I love TheToyz, I've got a few things for my xmod there. I've also heard RC18's are faster out of the box, but mini-t's can go faster with upgrades. But the mini-t is 2wd, harder to control at high speeds. And the RC18 is 4wd, easier to control at high speeds.

I'd love to go brushless or get a mamba, but the budget doesn't allow that.


----------



## rcsalvage (Jan 22, 2004)

don't sweat the brushless deal; when our track last year decided to level the playing field and required the use of the stock 370, my lap times dropped 1-2 seconds because I needed to concentrate on my driving more:thumbsup:


----------



## cwoods34 (Oct 14, 2008)

Depending on the track size the stock AE motor with a decent NiMh is perfect. You can also use a 2s LiPo and the speeds improve considerably. I'm not sure how much the stock ESC can handle, though. 

In terms of upgrades, the DP link as rcsalvage mentioned is great, or you can get an entire aluminum steering assembly too, works just as well. My favorite servo to put in is the Hitec HS 65MG, mine's lasted 8 months of abuse.

If you maintain the stock diffs they can handle brushless. However, with the MIP you can just "set it and forget it". :thumbsup:

Jump on over to rctech.net and browse through the very active RC18 thread if you want to do some more research!


----------



## AABatteries (Jan 14, 2009)

Okay. From what I've read the stock ESC cannot handle lipo for very long. Hopefully I'll be allowed to order the RC18T tonight. I'll have to order the DP link also. I'm planning on ordering it all from atomic mods. Instead of the aluminum from The Toyz, because of the shipping. Is this the DP: http://www.atomicmods.com/Products/Atomic-RC18R-Universal-Set-(pair)__13973.aspx? If it is, I'll have to get it from The Toyz if I want it any time soon.


----------



## AABatteries (Jan 14, 2009)

Crap sorry I double posted, forgot to edit.


----------



## agholub (Jan 28, 2008)

Hi AA,

You live near Classic Raceway right? Why not come down, watch the racing, and see the different kinds of cars they are running. You might fall in love with something other than the RC18. 

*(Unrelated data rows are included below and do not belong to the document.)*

lemma exists_point_in_same_cut:
  fixes f g :: "'a \<Rightarrow> real"
  assumes "finite I"
    and same_order: "\<And>i j. i \<in> I \<Longrightarrow> j \<in> I \<Longrightarrow> sgn (f i - f j) = sgn (g i - g j)"
    and g_bounded: "\<And>i. i \<in> I \<Longrightarrow> \<bar>g i\<bar> \<le> C" and "0 \<le> C"
  shows "\<exists>t. (\<forall>i\<in>I. sgn (t - g i) = sgn (s - f i)) \<and> \<bar>t\<bar> \<le> C + 1"
proof (cases "\<exists>i\<in>I. f i = s")
  case True
  then obtain i0 where "i0 \<in> I" "f i0 = s" by blast
  then show ?thesis using same_order g_bounded by (intro exI[of _ "g i0"]) fastforce
next
  case False
  have less: "g i < g j" if "i \<in> I" "j \<in> I" "f i < f j" for i j
    using same_order[OF that(1,2)] that(3) by (auto simp: sgn_if split: if_splits)
  define lo where "lo = Max (insert (- C - 1) (g ` {i\<in>I. f i < s}))"
  define hi where "hi = Min (insert (C + 1) (g ` {i\<in>I. s < f i}))"
  have fin: "finite (g ` {i\<in>I. f i < s})" "finite (g ` {i\<in>I. s < f i})"
    using \<open>finite I\<close> by auto
  have "lo < hi"
    unfolding lo_def hi_def using fin \<open>0 \<le> C\<close> g_bounded less
    by (fastforce simp: abs_le_iff)
  have "- C - 1 \<le> lo" "hi \<le> C + 1"
    unfolding lo_def hi_def using fin by auto
  have below: "g i \<le> lo" if "i \<in> I" "f i < s" for i
    unfolding lo_def using fin that by auto
  have above: "hi \<le> g i" if "i \<in> I" "s < f i" for i
    unfolding hi_def using fin that by auto
  show ?thesis
  proof (intro exI[of _ "(lo + hi) / 2"] conjI ballI)
    fix i assume "i \<in> I"
    with False have "f i < s \<or> s < f i" by fastforce
    then show "sgn ((lo + hi) / 2 - g i) = sgn (s - f i)"
      using below[OF \<open>i \<in> I\<close>] above[OF \<open>i \<in> I\<close>] \<open>lo < hi\<close> by auto
  next
    show "\<bar>(lo + hi) / 2\<bar> \<le> C + 1"
      using \<open>- C - 1 \<le> lo\<close> \<open>hi \<le> C + 1\<close> \<open>lo < hi\<close> by (auto simp: abs_le_iff)
  qed
qed

definition signs_agree :: "nat set \<Rightarrow> aform set \<Rightarrow> (nat \<Rightarrow> real) \<Rightarrow> (nat \<Rightarrow> real) \<Rightarrow> bool" where
  "signs_agree V F x y \<longleftrightarrow> (\<forall>L\<in>F. sgn (aeval V L y) = sgn (aeval V L x))"

definition aelim_closure :: "nat \<Rightarrow> aform set \<Rightarrow> aform set" where
  "aelim_closure v F = F \<union> (\<lambda>(L1, L2). aelim v L1 L2) ` (F \<times> F)"

lemma extend_signs_agree:
  assumes V: "finite V" "v \<notin> V" and "finite F"
    and agree: "signs_agree V (aelim_closure v F) x y"
    and bounded: "\<And>L. L \<in> F \<Longrightarrow> \<bar>aeval V L y\<bar> \<le> C" and "0 \<le> C"
  shows "\<exists>t. signs_agree (insert v V) F x (y(v := t)) \<and> \<bar>t\<bar> \<le> C + 1"
proof -
  define I where "I = {L\<in>F. coeff L v \<noteq> 0}"
  define root where "root L z = - aeval V L z / of_int (coeff L v)" for L z
  have aeval_root: "aeval (insert v V) L z = of_int (coeff L v) * (z v - root L z)"
    if "L \<in> I" for L z
    using that V by (simp add: I_def root_def aeval_insert field_simps)
  have "sgn (root L1 x - root L2 x) = sgn (root L1 y - root L2 y)"
    if "L1 \<in> I" "L2 \<in> I" for L1 L2
  proof -
    have "root L1 z - root L2 z
        = - aeval V (aelim v L1 L2) z / (of_int (coeff L1 v) * of_int (coeff L2 v))" for z
      using that by (simp add: I_def root_def aeval_aelim field_simps)
    moreover have "aelim v L1 L2 \<in> aelim_closure v F"
      using that unfolding I_def aelim_closure_def by blast
    ultimately show ?thesis
      using agree by (simp add: signs_agree_def sgn_mult sgn_divide)
  qed
  moreover have "\<bar>root L y\<bar> \<le> C" if "L \<in> I" for L
  proof -
    have "\<bar>root L y\<bar> = \<bar>aeval V L y\<bar> / \<bar>of_int (coeff L v)\<bar>"
      by (simp add: root_def abs_divide)
    also have "\<dots> \<le> \<bar>aeval V L y\<bar> / 1"
    proof (rule divide_left_mono)
      have "1 \<le> \<bar>coeff L v\<bar>" using that by (auto simp: I_def)
      then show "1 \<le> \<bar>real_of_int (coeff L v)\<bar>" by (metis of_int_1_le_iff of_int_abs)
    qed (use that in \<open>auto simp: I_def\<close>)
    also have "\<dots> \<le> C" using that bounded by (simp add: I_def)
    finally show ?thesis .
  qed
  ultimately obtain t where t: "\<forall>L\<in>I. sgn (t - root L y) = sgn (x v - root L x)" "\<bar>t\<bar> \<le> C + 1"
    using exists_point_in_same_cut[of I "\<lambda>L. root L x" "\<lambda>L. root L y" C "x v"] \<open>finite F\<close> \<open>0 \<le> C\<close>
    by (auto simp: I_def)
  have "sgn (aeval (insert v V) L (y(v := t))) = sgn (aeval (insert v V) L x)" if "L \<in> F" for L
  proof (cases "L \<in> I")
    case True
    have "root L (y(v := t)) = root L y" using V by (simp add: root_def)
    then show ?thesis using True t by (simp add: aeval_root sgn_mult)
  next
    case False
    then show ?thesis
      using that agree V by (simp add: I_def aeval_insert signs_agree_def aelim_closure_def)
  qed
  then show ?thesis using t by (auto simp: signs_agree_def)
qed

(* Eliminating a variable squares the coefficient bound (to 2b^2); the other coordinates are then
   bounded by r = elim_bound n (2b^2) and the eliminated one by n b r + b + 1. *)
fun elim_bound :: "nat \<Rightarrow> real \<Rightarrow> real" where
  "elim_bound 0 b = 0"
| "elim_bound (Suc n) b = (real n + 1) * b * elim_bound n (2 * b\<^sup>2) + b + 1"

lemma elim_bound_nonneg: "0 \<le> b \<Longrightarrow> 0 \<le> elim_bound n b"
  by (induction n arbitrary: b) simp_all

lemma signs_agree_at_bounded_point:
  assumes "finite V"
  shows "finite F \<Longrightarrow> 1 \<le> B \<Longrightarrow> \<forall>L\<in>F. abounded B L \<Longrightarrow>
    \<exists>y. signs_agree V F x y \<and> (\<forall>i. \<bar>y i\<bar> \<le> elim_bound (card V) (of_int B))"
  using assms
proof (induction V arbitrary: B F rule: finite_induct)
  case empty
  show ?case by (intro exI[of _ "\<lambda>_. 0"]) (simp add: signs_agree_def aeval_def)
next
  case (insert v V)
  have "B \<le> 2 * B\<^sup>2" using \<open>1 \<le> B\<close> by (simp add: power2_eq_square)
  then have "\<forall>L\<in>aelim_closure v F. abounded (2 * B\<^sup>2) L"
    using insert.prems(3) abounded_mono abounded_aelim by (auto simp: aelim_closure_def)
  moreover have "finite (aelim_closure v F)" using insert.prems(1) by (simp add: aelim_closure_def)
  moreover have "1 \<le> 2 * B\<^sup>2" using \<open>B \<le> 2 * B\<^sup>2\<close> insert.prems(2) by linarith
  ultimately obtain y where agree: "signs_agree V (aelim_closure v F) x y"
    and y_bounded: "\<forall>i. \<bar>y i\<bar> \<le> elim_bound (card V) (of_int (2 * B\<^sup>2))"
    using insert.IH by blast
  define r where "r = elim_bound (card V) (of_int (2 * B\<^sup>2))"
  define C where "C = real (card V) * of_int B * r + of_int B"
  have "0 \<le> r" unfolding r_def using insert.prems(2) by (simp add: elim_bound_nonneg)
  then have "0 \<le> C" using insert.prems(2) by (simp add: C_def)
  moreover have "\<bar>aeval V L y\<bar> \<le> C" if "L \<in> F" for L
    unfolding C_def r_def using insert.prems(3) that insert.hyps(1) y_bounded
    by (intro aeval_abs_le) auto
  ultimately obtain t where t: "signs_agree (insert v V) F x (y(v := t))" "\<bar>t\<bar> \<le> C + 1"
    using extend_signs_agree[OF insert.hyps(1,2) insert.prems(1) agree] by blast
  have bound_eq: "elim_bound (card (insert v V)) (of_int B)
      = (real (card V) + 1) * of_int B * r + of_int B + 1"
    using insert.hyps by (simp add: r_def)
  have "0 \<le> of_int B * r" using \<open>0 \<le> r\<close> insert.prems(2) by simp
  then have "C + 1 \<le> elim_bound (card (insert v V)) (of_int B)"
    unfolding bound_eq C_def by (simp add: algebra_simps)
  moreover have "1 \<le> (real (card V) + 1) * of_int B"
    using insert.prems(2) by (simp add: mult_ge1_I)
  then have "1 * r \<le> (real (card V) + 1) * of_int B * r"
    using \<open>0 \<le> r\<close> by (rule mult_right_mono)
  then have "r \<le> elim_bound (card (insert v V)) (of_int B)"
    unfolding bound_eq using insert.prems(2) by simp
  ultimately have "\<bar>(y(v := t)) i\<bar> \<le> elim_bound (card (insert v V)) (of_int B)" for i
    using t(2) y_bounded unfolding r_def by (cases "i = v") (auto intro: order_trans)
  then show ?case using t(1) by blast
qed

The guy who wins the most at Classic in the RC18 class does it with a box stock rc18b + a 2s lipo + foam tires + DP Steering link. That is it. 

--Andy


----------



## AABatteries (Jan 14, 2009)

Okay, I'll see if I can go down. I've seen a 1/18th race and a 1/10th race. I just like 1/18th because of the price and size. I might get a 1/10th someday though.


----------



## nitro4294 (Oct 15, 2004)

*I have been running an 18t on dirt oval for a couple years now and it's a great little car. The only things I have done to it was to replace the receiver and speed control. I went with a HiTec reciever and a Tekin B1 speed control, also a 19turn motor from Team Scream. 
It has been an almost unbeatable set up, even the brushless guys can't keep up(but they are way over powered and the cars don't turn very well)

I have added aluminum shocks and diffs for this year, otherwise it's pretty much out of the box stock.:thumbsup: *


----------



## AABatteries (Jan 14, 2009)

Change of plan. No longer buying a new one, but a used one. And its only $75. :woohoo:


----------



## jbrow1 (Aug 18, 2005)

I recently bought a used rtr 18T. Man the thing is wild fun. I can't believe how much I enjoy it since I put a new 370 motor in it. It came with the old 270 which suuucked. 

But anyways I always wondered why people got such a kick out of these little things and now I know. And parts are cheeeeeeap. Can't believe how cheap parts are. 

The stock speedo seems to work quite well for me with the new motor. With the old motor I thought the speedo wasn't very good and the brakes barely worked. But I believe the 270 motor must've been really junk and I mistakenly thought the speedo was the problem. I have an lrp qc2 coming for it anyways though, got a nice deal on one.


----------



## makakoa808 (Feb 4, 2009)

You should put a brushless in there


----------